The Agony and the Ecstasy

The Agony and the Ecstacy

The Agony and the Ecstasy

Charlton Heston, Rex Harrison,
Director: Carol Reed
Format: Color, Closed-captioned
Rated: NR
DVD Release Date: February 22, 2005

There is no other film on the subject of art that is better than this one in my opinion. Irving Stone’s best-seller was a great read, but in this case the film is better than the book. It centers on the creation of the Sistine Chapel ceiling, and the contentious but invigorating relationship between Michelangelo and Pope Julius II; one drove the other "to complete his work", and even their verbal battles were productive. It is about the courage of putting one’s vision into reality, the hard work, and the faith in one’s self and in God.

The script by Irving Stone and Philip Dunne is fabulous; the words flow like sweet wine and there is not a single unnecessary scene, or rarely one that is not meaningful. The direction by Carol Reed is meticulous, the cinematography by Leon Shamroy a marvel, and the score by Alex North adds much to the film. The costuming and sets are lavish for the papal quarters and the Medici household, and give one a sense of 16th century Rome, and the depictions of the fresco painting technique is interesting and educational.

Charlton Heston, gaunt and bearded, is brilliant as Michelangelo, as is Rex Harrison as the warrior pope. The interactions of these two actors is riveting, and the dialogue between them worth hearing repeatedly. Others of note in the cast include Diane Cilento as the Contessina de Medici, Harry Andrews as Bramante, and Tomas Milian as Raphael (the most famous papal portrait I know of is by Raphael, of Pope Julian II).

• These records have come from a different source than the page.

(* Let $\phi:\mathbb{R}^{K+J}\times[K+J]\to\mathbb{R}_{\ge 0}$ be such that $\theta\mapsto\phi(\theta,i)$ is continuous on $\mathbb{R}^{K+J}$ for every $i\in[K+J]$, and suppose $\phi$ is symmetric with respect to its last $J$ inputs. Then for every $y\in[K]$ and every $m\in[K]^J$, the map $\theta\mapsto\widetilde{\ell}_\phi(\theta,y,m)$ is continuous on $\mathbb{R}^{K+J}$.
   Context: Fix integers $K\ge 2$ (number of classes) and $J\ge 1$ (number of experts); $[n]=\{1,\dots,n\}$. For a finite index set $I$ and reals $(a_i)_{i\in I}$, $\operatorname{argmax}_{i\in I}a_i$ denotes a single maximizer chosen by a fixed deterministic tie-breaking rule. For $y\in[K]$ and $m=(m_1,\dots,m_J)\in[K]^J$, let $[m=y]=\{j\in[J]: m_j=y\}$. Given a multiclass loss $\phi:\mathbb{R}^{K+J}\times[K+J]\to\mathbb{R}_{\ge0}$, the PiCCE loss is $$\widetilde{\ell}_\phi(\theta,y,m)=\phi(\theta,y)+\phi\Big(\theta,\ \operatorname{argmax}_{j\in[m=y]}\theta_{j+K}+K\Big),\quad \theta\in\mathbb{R}^{K+J},$$ where the second term is defined to be $0$ when $[m=y]=\emptyset$. Write $\boldsymbol{\phi}(\theta)=(\phi(\theta,1),\dots,\phi(\theta,K+J))^\top$. The loss $\phi$ is called symmetric with respect to its last $J$ inputs if $P\boldsymbol{\phi}(\theta)=\boldsymbol{\phi}(P\theta)$ for all $\theta\in\mathbb{R}^{K+J}$ and all $(K+J)\times(K+J)$ permutation matrices $P$ with $P_{i,i}=1$ for all $i\in[K]$ (i.e. permutations fixing the first $K$ coordinates). *)

theory Defs
  imports "HOL-Analysis.Analysis"
begin

text \<open>Index set [K+J] is represented by the finite type 'k + 'j:
  Inl k are the K class coordinates, Inr j the J expert coordinates.
  Thus R^(K+J) is real ^ ('k::finite + 'j::finite), with K = CARD('k), J = CARD('j).\<close>

definition argmax_rule :: "('j::finite set \<Rightarrow> ('j \<Rightarrow> real) \<Rightarrow> 'j) \<Rightarrow> bool" where
  "argmax_rule sel \<longleftrightarrow>
     (\<forall>S f. S \<noteq> {} \<longrightarrow> sel S f \<in> S \<and> (\<forall>s\<in>S. f s \<le> f (sel S f)))"

text \<open>Symmetry w.r.t. the last J inputs: for every permutation matrix P fixing the
  first K coordinates, (P phi(theta))_a = phi(theta, pi a) and (P theta)_a = theta_(pi a).\<close>
definition symmetric_last ::
  "(real ^ ('k::finite + 'j::finite) \<Rightarrow> ('k + 'j) \<Rightarrow> real) \<Rightarrow> bool" where
  "symmetric_last \<phi> \<longleftrightarrow>
     (\<forall>\<pi> \<theta> a. bij \<pi> \<and> (\<forall>k. \<pi> (Inl k) = Inl k) \<longrightarrow>
        \<phi> (\<chi> b. \<theta> $ \<pi> b) a = \<phi> \<theta> (\<pi> a))"

definition picce ::
  "(real ^ ('k::finite + 'j::finite) \<Rightarrow> ('k + 'j) \<Rightarrow> real) \<Rightarrow> ('j set \<Rightarrow> ('j \<Rightarrow> real) \<Rightarrow> 'j) \<Rightarrow>
   real ^ ('k::finite + 'j::finite) \<Rightarrow> 'k \<Rightarrow> ('j \<Rightarrow> 'k) \<Rightarrow> real" where
  "picce \<phi> sel \<theta> y m =
     \<phi> \<theta> (Inl y) +
     (if {j. m j = y} = {} then 0
      else \<phi> \<theta> (Inr (sel {j. m j = y} (\<lambda>j. \<theta> $ Inr j))))"

end

theory Submission
  imports Defs
begin

text \<open>Near any point t the selected expert is one of the experts maximising the score t on [m = y],
  because every strict inequality at t persists nearby. All these maximisers carry the same
  score, and by symmetry of \<phi> under the transposition of two expert coordinates with equal
  scores they also carry the same loss \<phi>(t, \<cdot>). Hence the discontinuous choice of index is
  invisible in the value of the second summand, which is therefore continuous.\<close>

lemma argmax_rule_in:
  "argmax_rule sel \<Longrightarrow> S \<noteq> {} \<Longrightarrow> sel S f \<in> S"
  unfolding argmax_rule_def by blast

lemma argmax_rule_ge:
  "argmax_rule sel \<Longrightarrow> S \<noteq> {} \<Longrightarrow> s \<in> S \<Longrightarrow> f s \<le> f (sel S f)"
  unfolding argmax_rule_def by blast

lemma symmetric_last_eq_if_scores_eq:
  fixes \<phi> :: "real ^ ('k::finite + 'j::finite) \<Rightarrow> ('k + 'j) \<Rightarrow> real"
  assumes "symmetric_last \<phi>" and "\<theta> $ Inr i = \<theta> $ Inr j"
  shows "\<phi> \<theta> (Inr i) = \<phi> \<theta> (Inr j)"
proof -
  let ?\<pi> = "Transposition.transpose (Inr i) (Inr j :: 'k + 'j)"
  have "(\<chi> b. \<theta> $ ?\<pi> b) = \<theta>"
    using assms(2) by (auto simp: vec_eq_iff Transposition.transpose_def)
  moreover have "\<phi> (\<chi> b. \<theta> $ ?\<pi> b) (Inr i) = \<phi> \<theta> (?\<pi> (Inr i))"
    using assms(1) unfolding symmetric_last_def by (simp add: transpose_def)
  ultimately show ?thesis by simp
qed

lemma eventually_argmax_rule_maximises_limit:
  fixes v :: "'a \<Rightarrow> 'j::finite \<Rightarrow> real"
  assumes sel: "argmax_rule sel" and "S \<noteq> {}"
    and lim: "\<And>j. ((\<lambda>x. v x j) \<longlongrightarrow> v\<^sub>0 j) F"
  shows "\<forall>\<^sub>F x in F. \<forall>s\<in>S. v\<^sub>0 s \<le> v\<^sub>0 (sel S (v x))"
proof -
  define j\<^sub>0 where "j\<^sub>0 = sel S v\<^sub>0"
  have j\<^sub>0: "j\<^sub>0 \<in> S" "\<forall>s\<in>S. v\<^sub>0 s \<le> v\<^sub>0 j\<^sub>0"
    using argmax_rule_in[OF sel \<open>S \<noteq> {}\<close>] argmax_rule_ge[OF sel \<open>S \<noteq> {}\<close>]
    unfolding j\<^sub>0_def by auto
  have "\<forall>\<^sub>F x in F. \<forall>j\<in>{j\<in>S. v\<^sub>0 j < v\<^sub>0 j\<^sub>0}. v x j < v x j\<^sub>0"
  proof (rule eventually_ball_finite)
    show "\<forall>j\<in>{j\<in>S. v\<^sub>0 j < v\<^sub>0 j\<^sub>0}. \<forall>\<^sub>F x in F. v x j < v x j\<^sub>0"
    proof
      fix j assume "j \<in> {j\<in>S. v\<^sub>0 j < v\<^sub>0 j\<^sub>0}"
      then have "v\<^sub>0 j\<^sub>0 - v\<^sub>0 j > 0" by simp
      from order_tendstoD(1)[OF tendsto_diff[OF lim lim] this]
      show "\<forall>\<^sub>F x in F. v x j < v x j\<^sub>0" by eventually_elim simp
    qed
  qed simp
  then show ?thesis
  proof eventually_elim
    case (elim x)
    have "sel S (v x) \<in> S" "v x j\<^sub>0 \<le> v x (sel S (v x))"
      using argmax_rule_in[OF sel \<open>S \<noteq> {}\<close>] argmax_rule_ge[OF sel \<open>S \<noteq> {}\<close> j\<^sub>0(1)] by auto
    with elim j\<^sub>0(2) show ?case by force
  qed
qed

lemma tendsto_argmax_rule_select:
  fixes v :: "'a \<Rightarrow> 'j::finite \<Rightarrow> real" and g :: "'a \<Rightarrow> 'j \<Rightarrow> 'b::metric_space"
  assumes sel: "argmax_rule sel" and "S \<noteq> {}"
    and lim_v: "\<And>j. ((\<lambda>x. v x j) \<longlongrightarrow> v\<^sub>0 j) F"
    and lim_g: "\<And>j. ((\<lambda>x. g x j) \<longlongrightarrow> g\<^sub>0 j) F"
    and ties: "\<And>i j. i \<in> S \<Longrightarrow> j \<in> S \<Longrightarrow> v\<^sub>0 i = v\<^sub>0 j \<Longrightarrow> g\<^sub>0 i = g\<^sub>0 j"
  shows "((\<lambda>x. g x (sel S (v x))) \<longlongrightarrow> g\<^sub>0 (sel S v\<^sub>0)) F"
proof (rule tendstoI)
  fix e :: real assume "e > 0"
  have close: "\<forall>\<^sub>F x in F. \<forall>j. dist (g x j) (g\<^sub>0 j) < e"
    using lim_g \<open>e > 0\<close> by (simp add: tendstoD eventually_all_finite)
  have "v\<^sub>0 (sel S v\<^sub>0) = v\<^sub>0 s" if "s \<in> S" "\<forall>t\<in>S. v\<^sub>0 t \<le> v\<^sub>0 s" for s
    using that argmax_rule_in[OF sel \<open>S \<noteq> {}\<close>] argmax_rule_ge[OF sel \<open>S \<noteq> {}\<close>]
    by (meson order_antisym)
  then have same_limit: "g\<^sub>0 s = g\<^sub>0 (sel S v\<^sub>0)" if "s \<in> S" "\<forall>t\<in>S. v\<^sub>0 t \<le> v\<^sub>0 s" for s
    using that ties argmax_rule_in[OF sel \<open>S \<noteq> {}\<close>] by metis
  from close eventually_argmax_rule_maximises_limit[where v = v, OF sel \<open>S \<noteq> {}\<close> lim_v]
  show "\<forall>\<^sub>F x in F. dist (g x (sel S (v x))) (g\<^sub>0 (sel S v\<^sub>0)) < e"
  proof eventually_elim
    case (elim x)
    then show ?case
      using same_limit argmax_rule_in[OF sel \<open>S \<noteq> {}\<close>] by metis
  qed
qed

theorem theorem1:
  fixes \<phi> :: "real ^ ('k::finite + 'j::finite) \<Rightarrow> ('k + 'j) \<Rightarrow> real"
    and sel :: "'j set \<Rightarrow> ('j \<Rightarrow> real) \<Rightarrow> 'j"
    and y :: 'k and m :: "'j \<Rightarrow> 'k"
  assumes "CARD('k) \<ge> 2"
    and "argmax_rule sel"
    and "\<And>\<theta> i. \<phi> \<theta> i \<ge> 0"
    and "\<And>i. continuous_on UNIV (\<lambda>\<theta>. \<phi> \<theta> i)"
    and "symmetric_last \<phi>"
  shows "continuous_on UNIV (\<lambda>\<theta>. picce \<phi> sel \<theta> y m)"
proof -
  have cont: "isCont (\<lambda>\<theta>. \<phi> \<theta> i) \<theta>\<^sub>0" for i \<theta>\<^sub>0
    using assms(4) by (simp add: continuous_on_eq_continuous_at)
  have expert_term: "isCont (\<lambda>\<theta>. \<phi> \<theta> (Inr (sel S (\<lambda>j. \<theta> $ Inr j)))) \<theta>\<^sub>0"
    if "S \<noteq> {}" for S \<theta>\<^sub>0
    unfolding isCont_def
  proof (rule tendsto_argmax_rule_select[OF assms(2) that])
    show "((\<lambda>\<theta>. \<theta> $ Inr j) \<longlongrightarrow> \<theta>\<^sub>0 $ Inr j) (at \<theta>\<^sub>0)" for j
      by (intro tendsto_intros)
    show "((\<lambda>\<theta>. \<phi> \<theta> (Inr j)) \<longlongrightarrow> \<phi> \<theta>\<^sub>0 (Inr j)) (at \<theta>\<^sub>0)" for j
      using cont by (simp add: isCont_def)
  qed (use symmetric_last_eq_if_scores_eq[OF assms(5)] in blast)
  show ?thesis
  proof (cases "{j. m j = y} = {}")
    case True
    then show ?thesis
      using assms(4) by (simp add: picce_def)
  next
    case False
    have "isCont (\<lambda>\<theta>. picce \<phi> sel \<theta> y m) \<theta>\<^sub>0" for \<theta>\<^sub>0
      unfolding picce_def using cont expert_term[OF False]
      by (simp add: False continuous_add del: Collect_empty_eq)
    then show ?thesis
      by (simp add: continuous_on_eq_continuous_at)
  qed
qed

end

Though Stone’s book and script take much artistic license, there is also a good deal of accuracy. This period of 16th century Italy was one of the most fascinating in all world history, and Pope Julius II was not only one of its greatest art patrons, but also an extraordinary man.

This is a film that moves me to tears with its beauty, and brightens my mind with its words. If you are interested in the artistic process, don’t miss this magnificent film.

The film includes a Prologue, a mini-documentary of modern-day Rome and Florence, which traces Michelangelo’s life, from his birth in Tuscany in 1475, showing his many wondrous works, including an early sculpture he did at the age of 15, through his death in 1564. Total running time is 139 minutes.